DESCRIPTION OF THE TASK:
For this exercise, repeat the listing below from its first line through the line containing "m \<Longrightarrow> term_op", exactly as written.
*****
(* Let $\mathbf A$ be a Mal'cev algebra, $n\ge1$, and $\alpha_0,\dots,\alpha_{n-1}$ congruences of $\mathbf A$. Then $\psi_i(\Delta(\alpha_0,\dots,\alpha_{n-1}))=\psi_j(\Delta(\alpha_0,\dots,\alpha_{n-1}))$ for all $i,j<2^n$.
   Context: A Mal'cev algebra is an algebra with a ternary term operation $q$ satisfying $q(x,x,y)=y=q(y,x,x)$. Tuples in $A^m$ are indexed by $0,\dots,m-1$; $k_{(i)}$ is the $i$-th binary digit of $k$ (least significant is $i=0$). For $a,b\in A$ and $i<n$, $\mathbf c_i^n(a,b)\in A^{2^n}$ has $k$-th coordinate $a$ if $k_{(i)}=0$ and $b$ if $k_{(i)}=1$. $\Delta(\alpha_0,\dots,\alpha_{n-1})$ is the subuniverse of $\mathbf A^{2^n}$ generated by $\{\mathbf c_i^n(a,b): i<n,\ (a,b)\in\alpha_i\}$. Forks: for $R\subseteq A^m$ and $i<m$, $\psi_i(R)$ is the set of pairs $(a,b)$ for which there exist $\mathbf c,\mathbf d\in R$ with $c_i=a$, $d_i=b$, and $c_k=d_k$ for all $k\neq i$. *)

theory Defs
  imports Main
begin

definition is_algebra :: "'a set \<Rightarrow> (nat \<times> ('a list \<Rightarrow> 'a)) set \<Rightarrow> bool" where
  "is_algebra A F \<longleftrightarrow> A \<noteq> {} \<and>
     (\<forall>(k, f) \<in> F. \<forall>xs. length xs = k \<and> set xs \<subseteq> A \<longrightarrow> f xs \<in> A)"

inductive term_op :: "'a set \<Rightarrow> (nat \<times> ('a list \<Rightarrow> 'a)) set \<Rightarrow> nat \<Rightarrow> ('a list \<Rightarrow> 'a) \<Rightarrow> bool"
  for A F m where
  proj: "i < m \<Longrightarrow> term_op A F m (\<lambda>xs. xs ! i)"
| comp: "(k, g) \<in> F \<Longrightarrow> length hs = k \<Longrightarrow> (\<forall>h \<in> set hs. term_op A F m h)
          \<Longrightarrow> term_op A F m (\<lambda>xs. g (map (\<lambda>h. h xs) hs))"

definition malcev_algebra :: "'a set \<Rightarrow> (nat \<times> ('a list \<Rightarrow> 'a)) set \<Rightarrow> bool" where
  "malcev_algebra A F \<longleftrightarrow> is_algebra A F \<and>
     (\<exists>q. term_op A F 3 q \<and> (\<forall>x\<in>A. \<forall>y\<in>A. q [x, x, y] = y \<and> q [y, x, x] = y))"

definition congruence :: "'a set \<Rightarrow> (nat \<times> ('a list \<Rightarrow> 'a)) set \<Rightarrow> 'a rel \<Rightarrow> bool" where
  "congruence A F \<alpha> \<longleftrightarrow> equiv A \<alpha> \<and>
     (\<forall>(k, f) \<in> F. \<forall>xs ys. length xs = k \<and> length ys = k \<and>
        (\<forall>j<k. (xs ! j, ys ! j) \<in> \<alpha>) \<longrightarrow> (f xs, f ys) \<in> \<alpha>)"

text \<open>Tuples in A^m are lists of length m, indexed 0..m-1.
  The subuniverse of A^m generated by G (basic operations act coordinatewise).\<close>
inductive_set gen_sub :: "(nat \<times> ('a list \<Rightarrow> 'a)) set \<Rightarrow> nat \<Rightarrow> 'a list set \<Rightarrow> 'a list set"
  for F m G where
  base: "x \<in> G \<Longrightarrow> x \<in> gen_sub F m G"
| op: "(k, f) \<in> F \<Longrightarrow> length xs = k \<Longrightarrow> (\<forall>x \<in> set xs. x \<in> gen_sub F m G)
        \<Longrightarrow> map (\<lambda>j. f (map (\<lambda>x. x ! j) xs)) [0..<m] \<in> gen_sub F m G"

definition bit_digit :: "nat \<Rightarrow> nat \<Rightarrow> nat" where
  "bit_digit k i = (k div 2 ^ i) mod 2"

definition cvec :: "nat \<Rightarrow> nat \<Rightarrow> 'a \<Rightarrow> 'a \<Rightarrow> 'a list" where
  "cvec n i a b = map (\<lambda>k. if bit_digit k i = 0 then a else b) [0..<2 ^ n]"

definition Delta :: "(nat \<times> ('a list \<Rightarrow> 'a)) set \<Rightarrow> nat \<Rightarrow> (nat \<Rightarrow> 'a rel) \<Rightarrow> 'a list set" where
  "Delta F n \<alpha> = gen_sub F (2 ^ n) {cvec n i a b | i a b. i < n \<and> (a, b) \<in> \<alpha> i}"

definition fork :: "nat \<Rightarrow> nat \<Rightarrow> 'a list set \<Rightarrow> 'a rel" where
  "fork m i R = {(a, b). \<exists>c\<in>R. \<exists>d\<in>R. c ! i = a \<and> d ! i = b \<and>
                         (\<forall>k<m. k \<noteq> i \<longrightarrow> c ! k = d ! k)}"

end

theory Submission
  imports Defs
begin

text \<open>For every t < 2^n the map k \<mapsto> k xor t permutes the coordinates of the cube
  A^(2^n); it sends c_i(a,b) to c_i(a,b) or c_i(b,a). Since congruences are symmetric,
  Delta(\<alpha>_0, ..., \<alpha>_(n-1)) is invariant under this permutation, and choosing
  t = i xor j carries the fork at coordinate i onto the fork at coordinate j.\<close>

definition reindex :: "nat \<Rightarrow> (nat \<Rightarrow> nat) \<Rightarrow> 'a list \<Rightarrow> 'a list" where
  "reindex m \<sigma> c = map (\<lambda>k. c ! \<sigma> k) [0..<m]"

lemma nth_reindex: "k < m \<Longrightarrow> reindex m \<sigma> c ! k = c ! \<sigma> k"
  by (simp add: reindex_def)

lemma gen_sub_reindex:
  assumes maps: "\<forall>k<m. \<sigma> k < m"
    and gens: "\<And>x. x \<in> G \<Longrightarrow> reindex m \<sigma> x \<in> gen_sub F m G"
    and x: "x \<in> gen_sub F m G"
  shows "reindex m \<sigma> x \<in> gen_sub F m G"
  using x
proof (induction rule: gen_sub.induct)
  case (base x)
  then show ?case by (rule gens)
next
  case (op k f xs)
  have "reindex m \<sigma> (map (\<lambda>j. f (map (\<lambda>x. x ! j) xs)) [0..<m])
      = map (\<lambda>j. f (map (\<lambda>x. x ! j) (map (reindex m \<sigma>) xs))) [0..<m]"
    by (rule nth_equalityI) (auto simp: reindex_def maps comp_def)
  also have "\<dots> \<in> gen_sub F m G"
    by (rule gen_sub.op) (use op in auto)
  finally show ?case .
qed

lemma fork_subset_fork_reindex:
  assumes inj: "inj_on \<sigma> {0..<m}" and maps: "\<forall>k<m. \<sigma> k < m"
    and closed: "\<And>c. c \<in> R \<Longrightarrow> reindex m \<sigma> c \<in> R"
    and j: "j < m"
  shows "fork m (\<sigma> j) R \<subseteq> fork m j R"
proof
  fix p assume "p \<in> fork m (\<sigma> j) R"
  then obtain c d where cd: "c \<in> R" "d \<in> R" "p = (c ! \<sigma> j, d ! \<sigma> j)"
    and agree: "\<forall>k<m. k \<noteq> \<sigma> j \<longrightarrow> c ! k = d ! k"
    unfolding fork_def by blast
  have "\<forall>k<m. k \<noteq> j \<longrightarrow> reindex m \<sigma> c ! k = reindex m \<sigma> d ! k"
  proof (intro allI impI)
    fix k assume k: "k < m" "k \<noteq> j"
    then have "\<sigma> k \<noteq> \<sigma> j" using inj j by (simp add: inj_on_eq_iff)
    then show "reindex m \<sigma> c ! k = reindex m \<sigma> d ! k"
      using k maps agree by (simp add: nth_reindex)
  qed
  moreover have "p = (reindex m \<sigma> c ! j, reindex m \<sigma> d ! j)"
    using cd j by (simp add: nth_reindex)
  ultimately show "p \<in> fork m j R"
    unfolding fork_def using closed[OF cd(1)] closed[OF cd(2)] by blast
qed

lemma xor_less_two_power: "(k::nat) < 2 ^ n \<Longrightarrow> t < 2 ^ n \<Longrightarrow> xor k t < 2 ^ n"
  by (metis take_bit_nat_eq_self_iff take_bit_xor)

lemma bit_digit_xor:
  "bit_digit (xor (k::nat) t) i = (if bit_digit k i = bit_digit t i then 0 else 1)"
  unfolding bit_digit_def by (metis bit_iff_odd bit_xor_iff mod2_eq_if)

lemma bit_digit_pos_iff: "0 < bit_digit k i \<longleftrightarrow> bit_digit k i = 1"
  unfolding bit_digit_def by auto

lemma reindex_xor_cvec:
  assumes "t < 2 ^ n"
  shows "reindex (2 ^ n) (\<lambda>k. xor k t) (cvec n i a b)
       = (if bit_digit t i = 0 then cvec n i a b else cvec n i b a)"
  by (rule nth_equalityI)
     (auto simp: reindex_def cvec_def xor_less_two_power assms bit_digit_xor bit_digit_pos_iff)

lemma Delta_reindex_xor:
  assumes sym: "\<forall>k<n. sym (\<alpha> k)" and t: "t < 2 ^ n" and c: "c \<in> Delta F n \<alpha>"
  shows "reindex (2 ^ n) (\<lambda>k. xor k t) c \<in> Delta F n \<alpha>"
  using c unfolding Delta_def
proof (rule gen_sub_reindex[rotated 2])
  show "\<forall>k<2 ^ n. xor k t < 2 ^ n" using t by (simp add: xor_less_two_power)
next
  fix x assume "x \<in> {cvec n i a b | i a b. i < n \<and> (a, b) \<in> \<alpha> i}"
  then obtain i a b where x: "x = cvec n i a b" "i < n" "(a, b) \<in> \<alpha> i" by blast
  then have "(b, a) \<in> \<alpha> i" using sym by (meson symD)
  with x show "reindex (2 ^ n) (\<lambda>k. xor k t) x
      \<in> gen_sub F (2 ^ n) {cvec n i a b | i a b. i < n \<and> (a, b) \<in> \<alpha> i}"
    by (auto simp: reindex_xor_cvec t intro: gen_sub.base)
qed

lemma fork_Delta_subset:
  assumes sym: "\<forall>k<n. sym (\<alpha> k)" and "i < 2 ^ n" and "j < 2 ^ n"
  shows "fork (2 ^ n) i (Delta F n \<alpha>) \<subseteq> fork (2 ^ n) j (Delta F n \<alpha>)"
proof -
  define t where "t = xor i j"
  have t: "t < 2 ^ n" unfolding t_def using assms(2,3) by (rule xor_less_two_power)
  have "inj_on (\<lambda>k. xor k t) {0..<2 ^ n}"
    by (rule inj_onI) (metis xor.assoc xor_self_eq xor.right_neutral)
  moreover have "xor j t = i" unfolding t_def by (simp add: xor.commute xor.left_commute)
  ultimately show ?thesis
    using fork_subset_fork_reindex[of "\<lambda>k. xor k t" "2 ^ n" "Delta F n \<alpha>" j]
      Delta_reindex_xor[OF sym t] t assms(3) by (simp add: xor_less_two_power)
qed

theorem mainTheorem6:
  fixes A :: "'a set" and F :: "(nat \<times> ('a list \<Rightarrow> 'a)) set"
    and n :: nat and \<alpha> :: "nat \<Rightarrow> 'a rel"
  assumes "malcev_algebra A F"
    and "n \<ge> 1"
    and "\<forall>k<n. congruence A F (\<alpha> k)"
    and "i < 2 ^ n" and "j < 2 ^ n"
  shows "fork (2 ^ n) i (Delta F n \<alpha>) = fork (2 ^ n) j (Delta F n \<alpha>)"
proof -
  have sym: "\<forall>k<n. sym (\<alpha> k)"
    using assms(3) unfolding congruence_def equiv_def by blast
  show ?thesis
    using fork_Delta_subset[OF sym assms(4,5)] fork_Delta_subset[OF sym assms(5,4)] by blast
qed

end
*****
RESPONSE:
(* Let $\mathbf A$ be a Mal'cev algebra, $n\ge1$, and $\alpha_0,\dots,\alpha_{n-1}$ congruences of $\mathbf A$. Then $\psi_i(\Delta(\alpha_0,\dots,\alpha_{n-1}))=\psi_j(\Delta(\alpha_0,\dots,\alpha_{n-1}))$ for all $i,j<2^n$.
   Context: A Mal'cev algebra is an algebra with a ternary term operation $q$ satisfying $q(x,x,y)=y=q(y,x,x)$. Tuples in $A^m$ are indexed by $0,\dots,m-1$; $k_{(i)}$ is the $i$-th binary digit of $k$ (least significant is $i=0$). For $a,b\in A$ and $i<n$, $\mathbf c_i^n(a,b)\in A^{2^n}$ has $k$-th coordinate $a$ if $k_{(i)}=0$ and $b$ if $k_{(i)}=1$. $\Delta(\alpha_0,\dots,\alpha_{n-1})$ is the subuniverse of $\mathbf A^{2^n}$ generated by $\{\mathbf c_i^n(a,b): i<n,\ (a,b)\in\alpha_i\}$. Forks: for $R\subseteq A^m$ and $i<m$, $\psi_i(R)$ is the set of pairs $(a,b)$ for which there exist $\mathbf c,\mathbf d\in R$ with $c_i=a$, $d_i=b$, and $c_k=d_k$ for all $k\neq i$. *)

theory Defs
  imports Main
begin

definition is_algebra :: "'a set \<Rightarrow> (nat \<times> ('a list \<Rightarrow> 'a)) set \<Rightarrow> bool" where
  "is_algebra A F \<longleftrightarrow> A \<noteq> {} \<and>
     (\<forall>(k, f) \<in> F. \<forall>xs. length xs = k \<and> set xs \<subseteq> A \<longrightarrow> f xs \<in> A)"

inductive term_op :: "'a set \<Rightarrow> (nat \<times> ('a list \<Rightarrow> 'a)) set \<Rightarrow> nat \<Rightarrow> ('a list \<Rightarrow> 'a) \<Rightarrow> bool"
  for A F m where
  proj: "i < m \<Longrightarrow> term_op A F m (\<lambda>xs. xs ! i)"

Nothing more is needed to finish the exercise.